ANH-USA has filed three lawsuits against the FDA in recent weeks. In each case, we have been joined as plaintiffs by dietary supplement formulators Durk Pearson and Sandy Shaw and the Coalition to End FDA and FTC Censorship. We are being represented by the law firm of Emord & Associates.
Two of the lawsuits are concerned with the refusal of the FDA to allow what are known as “qualified health claims”. The FDA does not like “qualified health claims”. In order to make any health claims, the FDA wants a food or supplement to be treated just like a drug and thus have to comply with the full drug approval process.
Of course, the FDA realizes that the drug approval process is the great “Catch 22” of American medicine. The drug approval process can cost as much as a billion dollars. Drug companies are willing to pay this because they are seeking approval of non-natural, new to nature and the human body substances that can be patented. It is the patent protection which makes it possible to spend a billion dollars for approval and still hope to make a profit. Who would spend a billion dollars getting a food or supplement approved, knowing that anyone could take advantage of the approval to produce and sell it?
The Food and Drug Administration knows all this very well. Why then does it insist that food and dietary supplements, in some cases consumed by people for thousands of years, be treated just like brand new and potentially very toxic drugs? The short answer is that the Agency wants the money it gets from the approval process. Since the Agency knows that drug companies can and will pay the fees, the Agency favors drugs. Once drugs have been approved, the Agency does not want to see competition for the drugs coming from food or supplements. In this case, the drug companies not only get the patent protection. They get FDA protection too, and the Agency doesn’t mind bending the law to provide that protection.
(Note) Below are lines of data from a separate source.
lemma permutation_cycle_list:
  assumes "permutation p"
  obtains vs where "vs \<noteq> []" "distinct vs" "set vs \<subseteq> range (\<lambda>i. (p ^^ i) c)"
    "p ` set vs = set vs" "\<And>t. t < length vs \<Longrightarrow> vs ! ((t + 1) mod length vs) = p (vs ! t)"
proof -
  obtain n where "0 < n \<and> (p ^^ n) c = c"
    using permutation_self[OF assms] by blast
  define k where "k = (LEAST n. 0 < n \<and> (p ^^ n) c = c)"
  have k: "0 < k" "(p ^^ k) c = c"
    using LeastI[of "\<lambda>n. 0 < n \<and> (p ^^ n) c = c", OF \<open>0 < n \<and> _\<close>] unfolding k_def by auto
  have k_least: "(p ^^ m) c \<noteq> c" if "0 < m" "m < k" for m
    using not_less_Least[of m "\<lambda>n. 0 < n \<and> (p ^^ n) c = c"] that unfolding k_def by blast
  define vs where "vs = map (\<lambda>i. (p ^^ i) c) [0..<k]"
  have len: "length vs = k"
    unfolding vs_def by simp
  have nth_vs: "vs ! t = (p ^^ t) c" if "t < k" for t
    using that unfolding vs_def by simp
  have next_vs: "vs ! ((t + 1) mod k) = p (vs ! t)" if "t < k" for t
    using that nth_vs[of t] nth_vs[of "(t + 1) mod k"] k(1) funpow_mod_eq[OF k(2), of "t + 1"]
    by simp
  have "p ` set vs \<subseteq> set vs"
  proof
    fix w
    assume "w \<in> p ` set vs"
    then obtain t where "t < k" "w = p (vs ! t)"
      using len by (auto simp: in_set_conv_nth)
    then show "w \<in> set vs"
      using next_vs[of t] len k(1) by (metis mod_less_divisor nth_mem)
  qed
  moreover have "inj_on p (set vs)"
    using permutation_bijective[OF assms] by (meson bij_is_inj inj_on_subset subset_UNIV)
  ultimately have "p ` set vs = set vs"
    by (simp add: endo_inj_surj)
  moreover have "distinct vs"
    unfolding vs_def using inj_on_funpow_least[OF k(2) k_least] by (simp add: distinct_map)
  moreover have "vs \<noteq> []" "set vs \<subseteq> range (\<lambda>i. (p ^^ i) c)"
    using k(1) unfolding vs_def by auto
  ultimately show thesis
    using that next_vs len by blast
qed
In 1999, attorney Jonathan Emord, representing Durk Pearson and Sandy Shaw, Dr Julian Whitaker, and us (under our original name, The American Preventive Medicine Association) as well as others, filed suit against the FDA to demand that the Agency allow food or supplement producers to cite respected scientific research about their products. Because the science was not as conclusive as full scale drug trials (which themselves are often far from conclusive), these were called “qualified claims”. The suit specifically petitioned the FDA to be able to make qualified claims about the superiority of Folate in supplement form for preventing neural tube defects in infants and omega 3 fatty acids role in reducing heart disease, among others. A federal appeals court ruled for us and against the FDA. This was followed up by another lawsuit in 2002 (Whitaker v Thompson) where the court again ruled in favor of allowing qualified claims.
Despite these clear court decisions, the FDA has refused to allow a real regime of qualified health claims. It has acted as if it were above the law. This past June, the Agency denied multiple selenium and vitamin C and E claims relating to cancer and weakened others to the vanishing point. Two of the new lawsuits seek to reverse this and bring the Agency back into compliance with the law.
The third lawsuit challenges the draconian FDA ruling that a company keeping inadequate records, as decided by the FDA, is automatically selling “adulterated” product even though the product may pose no risk of illness or injury. As noted above, the FDA twists terms such as “adulterated” and “misbranded” to mean whatever the Agency arbitrarily decides, and only the legal system can bring this rogue Agency back into compliance with the law.
As Gretchen DuBeau, ANH-USA Executive Director said about these lawsuits, “The FDA should want to help inform the public about the science behind good food and supplements, not forbid free speech about science in defiance of the US law and our Constitution. It should also do its job of protecting the public from truly adulterated food, not just pursue a vendetta against natural foods and products.”
We will of course keep you posted as these lawsuits proceed.